Reputation: 23
I have a problem when counting the number of items in a pandas string series when there is no sting in a row.
I´m able to count the number of words when there are one ore more items per row. But, if the row has no value (it´s an empty string when running pd.['mytext'].str.split(',')), I´m getting also one.
These answers are not working for me Answer 1 to a solution which gives one for an empty string Answer 2 to a solution which gives one for an empty string.
How can I handle this in a pandas one liner? Thanks in advance.

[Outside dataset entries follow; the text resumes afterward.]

(* Let $k\ge 1$ and let $G$ be a $k$-degenerate graph. Define a sequence of edge sets as follows. Set $\Lambda_0=\emptyset$. For $i \ge 1$, let $G_i$ be the graph formed by the edges of $E(G)\setminus(\Lambda_0\cup\dots\cup\Lambda_{i-1})$ (with their endpoints), and let $\deg_i(v)$ denote the degree of $v$ in $G_i$. If $G_i$ has at least one edge, choose a vertex $w_i$ of $G_i$ such that at least $\max\{1,\deg_i(w_i)-k\}$ of its neighbors in $G_i$ have $\deg_i \le k$ (such a vertex always exists), and set $\Lambda_i=\{w_iv : w_iv\in E(G_i),\ \deg_i(v)\le k\}$; the vertex $w_i$ is called the center of $\Lambda_i$. The process stops at the first $m$ for which $G_{m+1}$ has no edges. Then for all $1\le i<j\le m$, the centers $w_i$ and $w_j$ are distinct.
   Context: All graphs are finite and simple. A graph is $k$-degenerate if every subgraph of it has a vertex of degree at most $k$. *)

theory Defs
  imports Main
begin

definition simple_graph :: "'a set \<Rightarrow> 'a set set \<Rightarrow> bool" where
  "simple_graph V E \<longleftrightarrow> finite V \<and> (\<forall>e\<in>E. e \<subseteq> V \<and> card e = 2)"

definition deg_in :: "'a set set \<Rightarrow> 'a \<Rightarrow> nat" where
  "deg_in F v = card {e \<in> F. v \<in> e}"

definition subgraph :: "'a set \<Rightarrow> 'a set set \<Rightarrow> 'a set \<Rightarrow> 'a set set \<Rightarrow> bool" where
  "subgraph V' E' V E \<longleftrightarrow> V' \<subseteq> V \<and> E' \<subseteq> E \<and> (\<forall>e\<in>E'. e \<subseteq> V')"

definition degenerate :: "nat \<Rightarrow> 'a set \<Rightarrow> 'a set set \<Rightarrow> bool" where
  "degenerate k V E \<longleftrightarrow>
     (\<forall>V' E'. subgraph V' E' V E \<and> V' \<noteq> {} \<longrightarrow> (\<exists>v\<in>V'. deg_in E' v \<le> k))"

definition remaining :: "'a set set \<Rightarrow> (nat \<Rightarrow> 'a set set) \<Rightarrow> nat \<Rightarrow> 'a set set" where
  "remaining E \<Lambda> i = E - (\<Union>j<i. \<Lambda> j)"

definition valid_process ::
  "nat \<Rightarrow> 'a set set \<Rightarrow> (nat \<Rightarrow> 'a) \<Rightarrow> (nat \<Rightarrow> 'a set set) \<Rightarrow> nat \<Rightarrow> bool" where
  "valid_process k E w \<Lambda> m \<longleftrightarrow>
     \<Lambda> 0 = {} \<and>
     (\<forall>i. 1 \<le> i \<and> i \<le> m \<longrightarrow>
        (let R = remaining E \<Lambda> i in
          R \<noteq> {} \<and>
          w i \<in> \<Union>R \<and>
          card {v. {w i, v} \<in> R \<and> deg_in R v \<le> k} \<ge> max 1 (deg_in R (w i) - k) \<and>
          \<Lambda> i = {{w i, v} | v. {w i, v} \<in> R \<and> deg_in R v \<le> k})) \<and>
     remaining E \<Lambda> (m + 1) = {}"

end

theory Submission
  imports Defs
begin

text \<open>Right after step i the center x = w i has degree at most k, since at least
  deg x - k of its edges were removed, and every edge xv still present has
  deg v > k, since otherwise it would have been removed. This persists: an edge xv
  is removed at a later step t only if v = w t, which is impossible because x
  would then be a low-degree neighbour of w t; and a high-degree v \<noteq> w t keeps
  its degree. So x never again has a low-degree neighbour and cannot be a
  center. Degeneracy and k \<ge> 1 are only needed for the existence of the centers,
  which a run of the process already provides.\<close>

definition low_neighbours :: "'a set set \<Rightarrow> nat \<Rightarrow> 'a \<Rightarrow> 'a set" where
  "low_neighbours F k x = {v. {x, v} \<in> F \<and> deg_in F v \<le> k}"

lemma remaining_Suc: "remaining E \<Lambda> (Suc t) = remaining E \<Lambda> t - \<Lambda> t"
  unfolding remaining_def by (auto simp: lessThan_Suc)

lemma remaining_antimono: "t \<le> s \<Longrightarrow> remaining E \<Lambda> s \<subseteq> remaining E \<Lambda> t"
  unfolding remaining_def by auto

lemma finite_remaining: "finite E \<Longrightarrow> finite (remaining E \<Lambda> t)"
  unfolding remaining_def by simp

lemma simple_graph_finite_edges: "simple_graph V E \<Longrightarrow> finite E"
  unfolding simple_graph_def by (meson Pow_iff finite_Pow_iff finite_subset subsetI)

lemma simple_graph_edge_neq: "simple_graph V E \<Longrightarrow> {x, v} \<in> E \<Longrightarrow> x \<noteq> v"
  unfolding simple_graph_def by auto

lemma deg_in_mono: "finite F \<Longrightarrow> G \<subseteq> F \<Longrightarrow> deg_in G v \<le> deg_in F v"
  unfolding deg_in_def by (rule card_mono) auto

lemma valid_process_card_low_neighbours:
  assumes "valid_process k E w \<Lambda> m" "1 \<le> t" "t \<le> m"
  shows "max 1 (deg_in (remaining E \<Lambda> t) (w t) - k)
           \<le> card (low_neighbours (remaining E \<Lambda> t) k (w t))"
  using assms unfolding valid_process_def low_neighbours_def Let_def by auto

lemma valid_process_Lambda:
  assumes "valid_process k E w \<Lambda> m" "1 \<le> t" "t \<le> m"
  shows "\<Lambda> t = (\<lambda>v. {w t, v}) ` low_neighbours (remaining E \<Lambda> t) k (w t)"
  using assms unfolding valid_process_def low_neighbours_def Let_def by auto

lemma edge_remaining_Suc_high:
  assumes "valid_process k E w \<Lambda> m" "1 \<le> t" "t \<le> m"
    and "{w t, v} \<in> remaining E \<Lambda> (Suc t)"
  shows "k < deg_in (remaining E \<Lambda> t) v"
proof (rule ccontr)
  assume "\<not> k < deg_in (remaining E \<Lambda> t) v"
  moreover have "{w t, v} \<in> remaining E \<Lambda> t" "{w t, v} \<notin> \<Lambda> t"
    using assms(4) unfolding remaining_Suc by auto
  ultimately show False
    using valid_process_Lambda[OF assms(1-3)] unfolding low_neighbours_def by auto
qed

lemma deg_in_center_remaining_Suc:
  assumes "valid_process k E w \<Lambda> m" "1 \<le> t" "t \<le> m" "finite E"
  shows "deg_in (remaining E \<Lambda> (Suc t)) (w t) \<le> k"
proof -
  let ?R = "remaining E \<Lambda> t" and ?S = "low_neighbours (remaining E \<Lambda> t) k (w t)"
  have card_S: "max 1 (deg_in ?R (w t) - k) \<le> card ?S"
    using valid_process_card_low_neighbours[OF assms(1-3)] .
  have Lambda: "\<Lambda> t = (\<lambda>v. {w t, v}) ` ?S"
    using valid_process_Lambda[OF assms(1-3)] .
  have "inj_on (\<lambda>v. {w t, v}) ?S"
    by (rule inj_onI) (metis doubleton_eq_iff)
  then have card_Lambda: "card (\<Lambda> t) = card ?S"
    by (simp add: Lambda card_image)
  have Lambda_sub: "\<Lambda> t \<subseteq> {e \<in> ?R. w t \<in> e}"
    using Lambda unfolding low_neighbours_def by auto
  have "{e \<in> remaining E \<Lambda> (Suc t). w t \<in> e} = {e \<in> ?R. w t \<in> e} - \<Lambda> t"
    unfolding remaining_Suc by auto
  then have "deg_in (remaining E \<Lambda> (Suc t)) (w t) = deg_in ?R (w t) - card (\<Lambda> t)"
    unfolding deg_in_def using Lambda_sub finite_remaining[OF assms(4)]
    by (simp add: card_Diff_subset finite_subset)
  with card_Lambda card_S show ?thesis by linarith
qed

lemma deg_in_remaining_Suc_high:
  assumes "valid_process k E w \<Lambda> m" "1 \<le> t" "t \<le> m"
    and "v \<noteq> w t" "k < deg_in (remaining E \<Lambda> t) v"
  shows "deg_in (remaining E \<Lambda> (Suc t)) v = deg_in (remaining E \<Lambda> t) v"
proof -
  have "v \<notin> e" if "e \<in> \<Lambda> t" for e
    using that assms(4,5) valid_process_Lambda[OF assms(1-3)]
    unfolding low_neighbours_def by auto
  then have "{e \<in> remaining E \<Lambda> (Suc t). v \<in> e} = {e \<in> remaining E \<Lambda> t. v \<in> e}"
    unfolding remaining_Suc by auto
  then show ?thesis unfolding deg_in_def by simp
qed

lemma former_center_neighbours_high:
  assumes "valid_process k E w \<Lambda> m" "simple_graph V E" "1 \<le> i"
    and "Suc i \<le> t" "t \<le> m" "{w i, v} \<in> remaining E \<Lambda> t"
  shows "k < deg_in (remaining E \<Lambda> t) v"
  using assms(4-6)
proof (induction t arbitrary: v rule: dec_induct)
  case base
  have "i \<le> m" using base by simp
  have "v \<noteq> w i"
    using base simple_graph_edge_neq[OF assms(2)] unfolding remaining_def by auto
  with base show ?case
    using edge_remaining_Suc_high[OF assms(1,3) \<open>i \<le> m\<close>]
      deg_in_remaining_Suc_high[OF assms(1,3) \<open>i \<le> m\<close>] by simp
next
  case (step n)
  have n: "1 \<le> n" "n \<le> m" using step assms(3) by auto
  have edge_n: "{w i, v} \<in> remaining E \<Lambda> n" "{w i, v} \<notin> \<Lambda> n"
    using step.prems(2) unfolding remaining_Suc by auto
  have high: "k < deg_in (remaining E \<Lambda> n) v"
    using step edge_n(1) by simp
  have finite_E: "finite E" using simple_graph_finite_edges[OF assms(2)] .
  have "deg_in (remaining E \<Lambda> n) (w i) \<le> deg_in (remaining E \<Lambda> (Suc i)) (w i)"
    by (rule deg_in_mono[OF finite_remaining[OF finite_E] remaining_antimono[OF step.hyps(1)]])
  also have "\<dots> \<le> k"
    using deg_in_center_remaining_Suc[OF assms(1,3) _ finite_E] step n by simp
  finally have low_center: "deg_in (remaining E \<Lambda> n) (w i) \<le> k" .
  have "v \<noteq> w n"
  proof
    assume "v = w n"
    then have "w i \<in> low_neighbours (remaining E \<Lambda> n) k (w n)"
      using edge_n(1) low_center unfolding low_neighbours_def by (simp add: insert_commute)
    then have "{w i, v} \<in> \<Lambda> n"
      using valid_process_Lambda[OF assms(1) n] \<open>v = w n\<close> by (auto simp: insert_commute)
    with edge_n(2) show False by contradiction
  qed
  then show ?case
    using deg_in_remaining_Suc_high[OF assms(1) n] high by simp
qed

theorem mainTheorem3:
  fixes V :: "'a set" and E :: "'a set set" and k m :: nat
    and w :: "nat \<Rightarrow> 'a" and \<Lambda> :: "nat \<Rightarrow> 'a set set"
  assumes "k \<ge> 1"
    and "simple_graph V E"
    and "degenerate k V E"
    and "valid_process k E w \<Lambda> m"
  shows "\<forall>i j. 1 \<le> i \<and> i < j \<and> j \<le> m \<longrightarrow> w i \<noteq> w j"
proof (intro allI impI notI)
  fix i j assume ij: "1 \<le> i \<and> i < j \<and> j \<le> m" and same_center: "w i = w j"
  have "low_neighbours (remaining E \<Lambda> j) k (w j) = {}"
    using former_center_neighbours_high[OF assms(4,2), of i j] ij same_center
    unfolding low_neighbours_def by force
  moreover have "1 \<le> card (low_neighbours (remaining E \<Lambda> j) k (w j))"
    using valid_process_card_low_neighbours[OF assms(4), of j] ij by simp
  ultimately show False by simp
qed

end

Taken the example from the first answer:
df = pd.DataFrame(['one apple','','box of oranges','pile of fruits outside', 'one banana', 'fruits'])
df.columns = ['fruits']
The verified answer was
count = df['fruits'].str.split().apply(len).value_counts()
count.index = count.index.astype(str) + ' words:'
count.sort_index(inplace=True)
count
Which gives
Out[13]:
0 words: 1
1 words: 1
2 words: 2
3 words: 1
4 words: 1
Name: fruits, dtype: int64
I want a zero for the second string but every solution tried gave me a one.
Upvotes: 0
Views: 924
Reputation: 402483
Use str.split
and count the elements with str.len
:
df['wordcount'] = df.fruits.str.split().str.len()
print(df)
fruits wordcount
0 one apple 2
1 0
2 box of oranges 3
3 pile of fruits outside 4
4 one banana 2
5 fruits 1
Replace ' '
with ','
for your actual data.
Upvotes: 1
Reputation: 111
In your question, you're referring to str.split(',')
, but the examples are for str.split()
. The function has different behaviour based on whether you have an argument.
Which are you actually trying to do?
Upvotes: 0
Reputation: 212
When you use split()
empty string returns empty list, however when you use split(',')
empty string returns list with empty string. This is why the example is not working with your solution.
You can try something as below: First you split string by comma as based on your example I assume this is your case. Then if split returns list with empty string function returns 0, otherwise returns length of list with words.
pd.Series(['mytext', '']).str.split(',').apply(lambda x: 0 if x==[''] else len(x))
Upvotes: 0